Kubernetes as the AI Infrastructure Platform

Apr 2, 2026

Guest:

Tsahi Duek

Running AI workloads on Kubernetes means juggling GPU scheduling, model serving, distributed training, and agent security — often with frameworks designed for different paradigms. Where do you even start?

Tsahi Duek, Principal Solutions Architect for Containers at AWS, breaks down the full stack: from infrastructure templates and model serving with vLLM, to securing AI agents that execute actions on your behalf.

In this interview:

How the RECON framework (Routing, Engine, Caching, Orchestration, Nodes) maps the essential layers of an AI inference stack
Why Kubernetes became the default platform for AI — and how organizations shift capacity between training and inference on the same cluster
What makes AI agents different from regular workloads, and how to lock them down so a runaway agent can't delete your S3 bucket

Transcription

Bart Farrell: So, first question, who are you, what's your role, and where do you work?
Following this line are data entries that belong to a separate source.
(* Let $k,n\in\mathbb N$ and $U\subset\mathrm{Sym}_n$. Let $\mathcal O(U)$ be the set of orbits of $\langle U\rangle$ on $\{1,\dots,n\}$. Then the number of involutions $\pi\in\mathrm{Sym}_n$ such that - $\pi$ commutes with every element of $U$, and - the induced action of $\pi$ on $\mathcal O(U)$ has exactly $k$ orbits of size $2$ is at most $2^n\,|\mathrm{Inv}_{|\mathcal O(U)|,k}|$.
   Context: Involutions here include the identity, i.e. all $\pi$ with $\pi^2=1$. A permutation commuting with $\langle U\rangle$ permutes the $\langle U\rangle$-orbits. $\mathrm{Inv}_{N,k}$ is the set of $\sigma\in\mathrm{Sym}_N$ with $\sigma^2=1$ and exactly $N-2k$ fixed points, i.e. with exactly $k$ two-cycles. *)

theory Defs
  imports "HOL-Combinatorics.Combinatorics"
begin

definition Sym :: "nat \<Rightarrow> (nat \<Rightarrow> nat) set" where
  "Sym n = {p. p permutes {1..n}}"

definition gen_orbit_rel :: "nat \<Rightarrow> (nat \<Rightarrow> nat) set \<Rightarrow> (nat \<times> nat) set" where
  "gen_orbit_rel n U =
     (let R = {(x, u x) | x u. x \<in> {1..n} \<and> u \<in> U} in (Id_on {1..n} \<union> R \<union> R\<inverse>)\<^sup>*)"

definition gen_orbits :: "nat \<Rightarrow> (nat \<Rightarrow> nat) set \<Rightarrow> nat set set" where
  "gen_orbits n U = {1..n} // gen_orbit_rel n U"

definition induced_orbits :: "(nat \<Rightarrow> nat) \<Rightarrow> nat set set \<Rightarrow> nat set set set" where
  "induced_orbits p \<O> = (\<lambda>C. {(((`) p) ^^ m) C | m. True}) ` \<O>"

definition Inv :: "nat \<Rightarrow> nat \<Rightarrow> (nat \<Rightarrow> nat) set" where
  "Inv N k = {s. s \<in> Sym N \<and> s \<circ> s = id \<and> card {x \<in> {1..N}. s x = x} + 2 * k = N}"

end

theory Submission
  imports Defs
begin

(* An involution p commuting with U maps U-orbits to U-orbits, so it induces an involution on
   the orbit set O(U) whose 2-cycles are exactly the induced orbits of size 2; numbering the
   orbits turns it into an element of Inv_{|O(U)|,k}. Conversely, since p commutes with U, it
   is determined on an orbit C by its value at a single point of C, and that value lies in the
   orbit p(C), which has |C| elements. Hence a given involution of O(U) is induced by at most
   prod |C| <= 2^(sum |C|) = 2^n involutions p. *)

section \<open>Elementary counting\<close>

lemma finite_Sym: "finite (Sym n)"
  by (simp add: Sym_def finite_permutations)

lemma card_le_card_image_mult:
  assumes "finite A" and "\<And>x. x \<in> A \<Longrightarrow> card {y \<in> A. f y = f x} \<le> b"
  shows "card A \<le> card (f ` A) * b"
proof -
  have "A = (\<Union>z\<in>f ` A. {y \<in> A. f y = z})"
    by blast
  then have "card A \<le> (\<Sum>z\<in>f ` A. card {y \<in> A. f y = z})"
    by (metis assms(1) card_UN_le finite_imageI)
  also have "\<dots> \<le> (\<Sum>z\<in>f ` A. b)"
    using assms(2) by (intro sum_mono) auto
  finally show ?thesis
    by simp
qed

lemma prod_card_partition_le:
  assumes "partition_on A P" and "finite A"
  shows "(\<Prod>X\<in>P. card X) \<le> 2 ^ card A"
proof -
  have finite_block: "X \<in> P \<Longrightarrow> finite X" for X
    using assms partition_onD1 by (metis Union_upper finite_subset)
  have "(\<Prod>X\<in>P. card X) \<le> (\<Prod>X\<in>P. 2 ^ card X)"
    by (intro prod_mono) (simp add: less_imp_le less_exp)
  also have "\<dots> = 2 ^ (\<Sum>X\<in>P. card X)"
    by (simp add: power_sum)
  also have "\<dots> = 2 ^ card A"
    using product_partition[OF assms(1) finite_block] by simp
  finally show ?thesis .
qed

section \<open>Involutions of a finite set\<close>

definition involutions_on :: "'a set \<Rightarrow> nat \<Rightarrow> ('a \<Rightarrow> 'a) set" where
  "involutions_on A k =
     {\<sigma>. \<sigma> permutes A \<and> \<sigma> \<circ> \<sigma> = id \<and> card {x \<in> A. \<sigma> x = x} + 2 * k = card A}"

lemma finite_involutions_on: "finite A \<Longrightarrow> finite (involutions_on A k)"
  by (rule finite_subset[OF _ finite_permutations]) (auto simp: involutions_on_def)

lemma restrict_involution_permutes:
  assumes "\<And>x. x \<in> A \<Longrightarrow> f x \<in> A" and "\<And>x. x \<in> A \<Longrightarrow> f (f x) = x"
  defines "\<sigma> \<equiv> \<lambda>x. if x \<in> A then f x else x"
  shows "\<sigma> permutes A" and "\<sigma> \<circ> \<sigma> = id"
proof -
  have "bij_betw \<sigma> A A"
    by (rule bij_betw_byWitness[where f' = \<sigma>]) (use assms in auto)
  then show "\<sigma> permutes A"
    by (rule bij_imp_permutes) (simp add: \<sigma>_def)
  show "\<sigma> \<circ> \<sigma> = id"
    using assms by (auto simp: fun_eq_iff)
qed

lemma card_fixpoints_add_two_cycles:
  assumes "finite A" and "\<And>x. x \<in> A \<Longrightarrow> f x \<in> A" and "\<And>x. x \<in> A \<Longrightarrow> f (f x) = x"
  shows "card {x \<in> A. f x = x} + 2 * card {D \<in> (\<lambda>x. {x, f x}) ` A. card D = 2} = card A"
proof -
  let ?N = "{x \<in> A. f x \<noteq> x}"
  have two_cycles: "{D \<in> (\<lambda>x. {x, f x}) ` A. card D = 2} = (\<lambda>x. {x, f x}) ` ?N"
    by (auto simp: card_2_iff)
  have same_cycle: "{y, f y} = {x, f x}" if "x \<in> A" "y \<in> {x, f x}" for x y
    using that assms(3) by auto
  have "\<Union> ((\<lambda>x. {x, f x}) ` ?N) = ?N"
    using assms(2,3) by fastforce
  moreover have "pairwise disjnt ((\<lambda>x. {x, f x}) ` ?N)"
  proof (rule pairwise_imageI)
    fix x y
    assume "x \<in> ?N" "y \<in> ?N" "{x, f x} \<noteq> {y, f y}"
    then show "disjnt {x, f x} {y, f y}"
      using same_cycle by (metis (no_types, lifting) disjnt_iff mem_Collect_eq)
  qed
  ultimately have "card ?N = (\<Sum>D\<in>(\<lambda>x. {x, f x}) ` ?N. card D)"
    using card_Union_disjoint by fastforce
  also have "\<dots> = (\<Sum>D\<in>(\<lambda>x. {x, f x}) ` ?N. 2)"
    by (intro sum.cong) auto
  also have "\<dots> = 2 * card {D \<in> (\<lambda>x. {x, f x}) ` A. card D = 2}"
    by (simp add: two_cycles)
  finally have "card ?N = 2 * card {D \<in> (\<lambda>x. {x, f x}) ` A. card D = 2}" .
  moreover have "card A = card {x \<in> A. f x = x} + card ?N"
    using assms(1) by (subst card_Un_disjoint[symmetric]) (auto intro: arg_cong[where f = card])
  ultimately show ?thesis
    by simp
qed
lemma wf_marked_poset:
  assumes "marked_poset P lt A"
  shows "wf {(q, r). q \<in> P \<and> r \<in> P \<and> lt q r}" (is "wf ?R")
proof (rule finite_acyclic_wf)
  have "?R \<subseteq> P \<times> P" by blast
  then show "finite ?R"
    using marked_posetD(1)[OF assms] by (simp add: finite_subset)
  have "trans ?R"
    by (auto simp: trans_def intro: transp_onD[OF marked_posetD(3)[OF assms]])
  moreover have "irrefl ?R"
    by (auto simp: irrefl_def dest: marked_posetD(4)[OF assms])
  ultimately
  show "acyclic ?R" by (simp add: acyclic_irrefl)
qed

lemma marked_below:
  assumes mp: "marked_poset P lt A" and p: "p \<in> P - A"
  shows "\<exists>b\<in>A. lt b p"
proof -
  have pP: "p \<in> P" using p by blast
  obtain q where "q \<in> {q \<in> P. lt q p}" using marked_posetD(5)[OF mp p] by blast
  then obtain b where "b \<in> {q \<in> P. lt q p}"
    and min: "\<And>q. (q, b) \<in> {(q, r). q \<in> P \<and> r \<in> P \<and> lt q r} \<Longrightarrow> q \<notin> {q \<in> P. lt q p}"
    by (rule wfE_min[OF wf_marked_poset[OF mp]]) blast
  then have bP: "b \<in> P" and bp: "lt b p" by simp_all
  have "b \<in> A"
  proof (rule ccontr)
    assume "b \<notin> A"
    then obtain q where qP: "q \<in> P" and qb: "lt q b" using marked_posetD(5)[OF mp] bP by blast
    have "lt q p" using transp_onD[OF marked_posetD(3)[OF mp] qP bP pP qb bp] .
    then show False using min qP bP qb by blast
  qed
  then show ?thesis using bp by blast
qed

lemma marked_poset_converse:
  "marked_poset P lt A \<Longrightarrow> marked_poset P (\<lambda>p q. lt q p) A"
  unfolding marked_poset_def by blast

lemma marked_above:
  "marked_poset P lt A \<Longrightarrow> p \<in> P - A \<Longrightarrow> \<exists>a\<in>A. lt p a"
  by (rule marked_below[OF marked_poset_converse])

definition lamx_int :: "'a set \<Rightarrow> ('a \<Rightarrow> nat) \<Rightarrow> ('a \<Rightarrow> int) \<Rightarrow> 'a \<Rightarrow> int" where
  "lamx_int U1 lam x q = (if q \<in> U1 then x q else int (lam q))"

definition S_int ::
  "'a set \<Rightarrow> ('a \<Rightarrow> 'a \<Rightarrow> bool) \<Rightarrow> 'a set \<Rightarrow> 'a set \<Rightarrow> 'a set \<Rightarrow> ('a \<Rightarrow> nat)
     \<Rightarrow> ('a \<Rightarrow> int) set" where
  "S_int P lt A U1 U2 lam = {x.
     (\<forall>p. 0 \<le> x p) \<and>
     (\<forall>p. p \<notin> P - A \<longrightarrow> x p = 0) \<and>
     (\<forall>p\<in>U1. \<forall>a\<in>A. lt p a \<longrightarrow> x p \<le> int (lam a)) \<and>
     (\<forall>q\<in>U1. \<forall>b\<in>A. lt b q \<longrightarrow> int (lam b) \<le> x q) \<and>
     (\<forall>p\<in>U1. \<forall>q\<in>U1. lt p q \<longrightarrow> x p \<le> x q) \<and>
     (\<forall>a\<in>A \<union> U1. \<forall>b\<in>A \<union> U1. \<forall>cs. cs \<noteq> [] \<longrightarrow> set cs \<subseteq> U2 \<longrightarrow>
        sorted_wrt lt (b # cs @ [a]) \<longrightarrow>
        sum_list (map x cs) \<le> lamx_int U1 lam x a - lamx_int U1 lam x b) \<and>
     (\<forall>q\<in>U1. \<forall>cs. set cs \<subseteq> U2 \<longrightarrow> sorted_wrt lt (cs @ [q]) \<longrightarrow>
        sum_list (map x cs) \<le> x q)}"
lemma jensen_bound_sym_seq_zeros:
  fixes h :: "complex \<Rightarrow> complex" and lam :: "nat \<Rightarrow> real"
  assumes holh: "h holomorphic_on UNIV"
    and lam_pos: "\<And>k. lam k > 0" and lam_incr: "strict_mono lam"
    and zeros: "\<And>x. x \<in> sym_seq_set lam \<Longrightarrow> h (complex_of_real x) = 0"
    and R: "R > 0" and bound: "\<And>z. norm z = R \<Longrightarrow> norm (h z) \<le> B"
  shows "norm (h 0) * (R / lam n) ^ (2 * Suc n) \<le> B"
proof -
  define P where "P = (\<lambda>k. complex_of_real (lam k)) ` {..n}"
  define A where "A = P \<union> uminus ` P"
  have "inj_on (\<lambda>k. complex_of_real (lam k)) {..n}"
    using strict_mono_imp_inj_on[OF lam_incr] by (auto simp: inj_on_def)
  then have "card P = Suc n" by (simp add: P_def card_image)
  moreover have "card (uminus ` P) = card P" by (rule card_image) (simp add: inj_on_def)
  moreover have "P \<inter> uminus ` P = {}"
    using lam_pos by (auto simp: P_def) (metis add.inverse_inverse less_asym neg_0_less_iff_less)
  ultimately have "card A = 2 * Suc n" by (simp add: A_def card_Un_disjoint P_def)
  moreover have "h a = 0" if a: "a \<in> A" for a
  proof -
    obtain k where "a = complex_of_real (lam k) \<or> a = complex_of_real (- lam k)"
      using a by (auto simp: A_def P_def)
    moreover have "lam k \<in> sym_seq_set lam" "- lam k \<in> sym_seq_set lam"
      by (auto simp: sym_seq_set_def)
    ultimately show ?thesis using zeros by blast
  qed
  moreover have "0 \<notin> A" using lam_pos by (auto simp: A_def P_def) (metis less_irrefl)+
  moreover have "norm a \<le> lam n" if "a \<in> A" for a
    using that lam_pos strict_mono_less_eq[OF lam_incr]
    by (auto simp: A_def P_def abs_of_pos less_imp_le)
  ultimately show ?thesis
    using jensen_bound_zeros_in_cball[OF holh, of A "lam n" R B] R bound
    by (simp add: A_def P_def)
qed
(* Let $\{\gamma_\Lambda\}_{\Lambda\in\mathcal{S}}$ be a specification on $(\Omega,\mathcal{F})$. Then for each $\Lambda\in\mathcal{S}$, $\Gamma\in\mathcal{S}(\Lambda^c)$ and bounded measurable functions $f,g$ on $\Omega$, $$\gamma_{\Lambda\cup\Gamma}\bigl[f\,\gamma_\Lambda(\gamma_\Gamma(g))\bigr]=\gamma_{\Lambda\cup\Gamma}\bigl[g\,\gamma_\Gamma(\gamma_\Lambda(f))\bigr].$$
   Context: $(E,\mathcal{E})$ is a measurable space, $\Omega=E^{\mathbb{Z}^d}$ with product $\sigma$-algebra $\mathcal{F}$; for $U\subset\mathbb{Z}^d$, $\mathcal{F}_U$ is the $\sigma$-algebra generated by the coordinates in $U$, $U^c$ the complement, $\mathcal{S}(U)$ the finite subsets of $U$, $\mathcal{S}=\mathcal{S}(\mathbb{Z}^d)$. For a kernel $\gamma$ and bounded measurable $f$, $\gamma(f)(\omega)=\int f(\eta)\gamma(d\eta\mid\omega)$; $(\gamma\tilde\gamma)(f)=\gamma(\tilde\gamma(f))$. A specification is a family of probability kernels $\{\gamma_\Lambda\}_{\Lambda\in\mathcal{S}}$ such that for all $\Lambda\in\mathcal{S}$: $\gamma_\Lambda(A\mid\cdot)$ is $\mathcal{F}_{\Lambda^c}$-measurable for $A\in\mathcal{F}$; $\gamma_\Lambda(B\mid\omega)=\mathbf 1_B(\omega)$ for $B\in\mathcal{F}_{\Lambda^c}$; $\gamma_\Delta\gamma_\Lambda=\gamma_\Delta$ for all $\Delta\in\mathcal{S}$ with $\Delta\supset\Lambda$. *)

theory Defs
  imports "HOL-Probability.Probability"
begin

text \<open>Configuration space \<Omega> = E^(Z^d) with the product sigma-algebra.
  Sites of Z^d are vectors int^'d, 'd a finite type with CARD('d) = d.\<close>

type_synonym ('e, 'd) config = "(int ^ 'd) \<Rightarrow> 'e"

definition Omega :: "'e measure \<Rightarrow> ('e, 'd::finite) config measure" where
  "Omega E = PiM UNIV (\<lambda>_. E)"

definition F_sub :: "'e measure \<Rightarrow> (int ^ 'd::finite) set \<Rightarrow> ('e, 'd) config measure" where
  "F_sub E U = sigma (space (Omega E))
     {(\<lambda>\<omega>. \<omega> i) -` B \<inter> space (Omega E) | i B. i \<in> U \<and> B \<in> sets E}"

definition prob_kernel :: "'e measure \<Rightarrow> (('e, 'd::finite) config \<Rightarrow> ('e, 'd) config measure) \<Rightarrow> bool" where
  "prob_kernel E k \<longleftrightarrow>
     (\<forall>\<omega>\<in>space (Omega E). prob_space (k \<omega>) \<and> sets (k \<omega>) = sets (Omega E)) \<and>
     (\<forall>A\<in>sets (Omega E). (\<lambda>\<omega>. measure (k \<omega>) A) \<in> borel_measurable (Omega E))"

definition kapply :: "(('e, 'd::finite) config \<Rightarrow> ('e, 'd) config measure) \<Rightarrow>
     (('e, 'd) config \<Rightarrow> real) \<Rightarrow> ('e, 'd) config \<Rightarrow> real" where
  "kapply k f \<omega> = (\<integral>\<eta>. f \<eta> \<partial>(k \<omega>))"

definition is_specification :: "'e measure \<Rightarrow>
     ((int ^ 'd::finite) set \<Rightarrow> ('e, 'd) config \<Rightarrow> ('e, 'd) config measure) \<Rightarrow> bool" where
  "is_specification E \<gamma> \<longleftrightarrow>
    (\<forall>\<Lambda>. finite \<Lambda> \<longrightarrow>
       prob_kernel E (\<gamma> \<Lambda>) \<and>
       (\<forall>A\<in>sets (Omega E). (\<lambda>\<omega>. measure (\<gamma> \<Lambda> \<omega>) A) \<in> borel_measurable (F_sub E (- \<Lambda>))) \<and>
       (\<forall>B\<in>sets (F_sub E (- \<Lambda>)). \<forall>\<omega>\<in>space (Omega E). measure (\<gamma> \<Lambda> \<omega>) B = indicator B \<omega>) \<and>
       (\<forall>\<Delta>. finite \<Delta> \<and> \<Lambda> \<subseteq> \<Delta> \<longrightarrow>
          (\<forall>A\<in>sets (Omega E). \<forall>\<omega>\<in>space (Omega E).
             kapply (\<gamma> \<Delta>) (kapply (\<gamma> \<Lambda>) (indicator A)) \<omega> = measure (\<gamma> \<Delta> \<omega>) A)))"

end

theory Submission
  imports Defs
begin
Tsahi Duek: I'm Tsahi Duek, I'm a Principal Solutions Architect at AWS, covering EKS, Amazon EKS, and AI infrastructure, based out of London, working as part of our go-to-market team, which is basically helping customers use our services efficiently, getting signals from customers, feeding them back into the product team, and also finding solutions to bridge the gap when things are not necessarily implemented or not yet on the roadmap and things like that.

Bart Farrell: And what three emerging Kubernetes tools are you keeping an eye on?

Tsahi Duek: In terms of Kubernetes tools, I would start with our own open source tooling, which is KRO and ACK. KRO and ACK basically bridge the gap when you want to architect your deployment in a way that doesn't really Not only taking care of the Kubernetes resources, but looking after any other things like we just had a Dynamo talk at the booth. There's some CRDs that Dynamo introduced. We might want to include them as part of our deployment. And this is where KRO as a composition engine and ACK as an extended interface to AWS API can come really handy. Other things I would guess like in the AI infrastructure space, Kueue, been very popular for things like gang scheduling, putting fault placements in close proximity to each other, again, for the reasons of having GPUs, proximities and network topologies that we want to get the benefit of. Third ones, I would say probably everything around autoscaling. So it's not new, it's good old autoscaling techniques, but things like Cluster Autoscaler, Karpenter, which we open sourced and basically been using the community. And again, in the AI space, it helps you a lot with getting capacity, whether you want to leverage spot instances or other preemption instances across different providers, but also getting things like capacity reservation when you need the capacity when you need it.

Bart Farrell: We're seeing a fundamental shift in how organizations build AI systems. Kubernetes has evolved from running stateless web services to becoming the unified platform for data processing, model training, inference, and now autonomous AI agents. What's driving this convergence, and why are so many organizations standardizing on this approach?

Tsahi Duek: I think I would say the main reason for this one is because the investment that companies already have in managing complex, multiple Kubernetes clusters. So even with You just started with web services, with simple apps being deployed. You have a CI/CD mechanism, you have a cluster autoscaling, you have a which gets your node provisioning, you have your observability system. And in that sense, deploying, it might be a simplification of this one, but in that sense, deploying an AI agent or a model for inference is just another app. Of course, it comes with complexity and all of that, but when you think about the benefit you're getting out of Kubernetes is that you already have the investment of running all of your apps and getting observability and all of that. So this is one aspect of it. The other thing is being able to shift workloads or shift capacity easily in between types of workloads. So, for example, I work with a couple of customers that did some training for their own models. AI models, but when the training ends, they need those capacity to be used for inference, whether it's for reinforcement planning or any other thing like serving those models for their customers. With Kubernetes, they can reuse the same infrastructure being deployed with the same configuration, same device plugins for AI, and just shift them together into a different type of use case or workload. So I guess the standardization of having the investments in and also being flexible in shifting capacity in between types of workloads. I would say these are the two main components why customers keep going and investing on Kubernetes for the new AI era space.

Bart Farrell: As teams build production AI systems, they're working with an entire ecosystem of open source frameworks, tools for ML pipelines, model serving, GPU scheduling, and distributed inference. Which of these frameworks are becoming essential and how do they work together to support AI workloads.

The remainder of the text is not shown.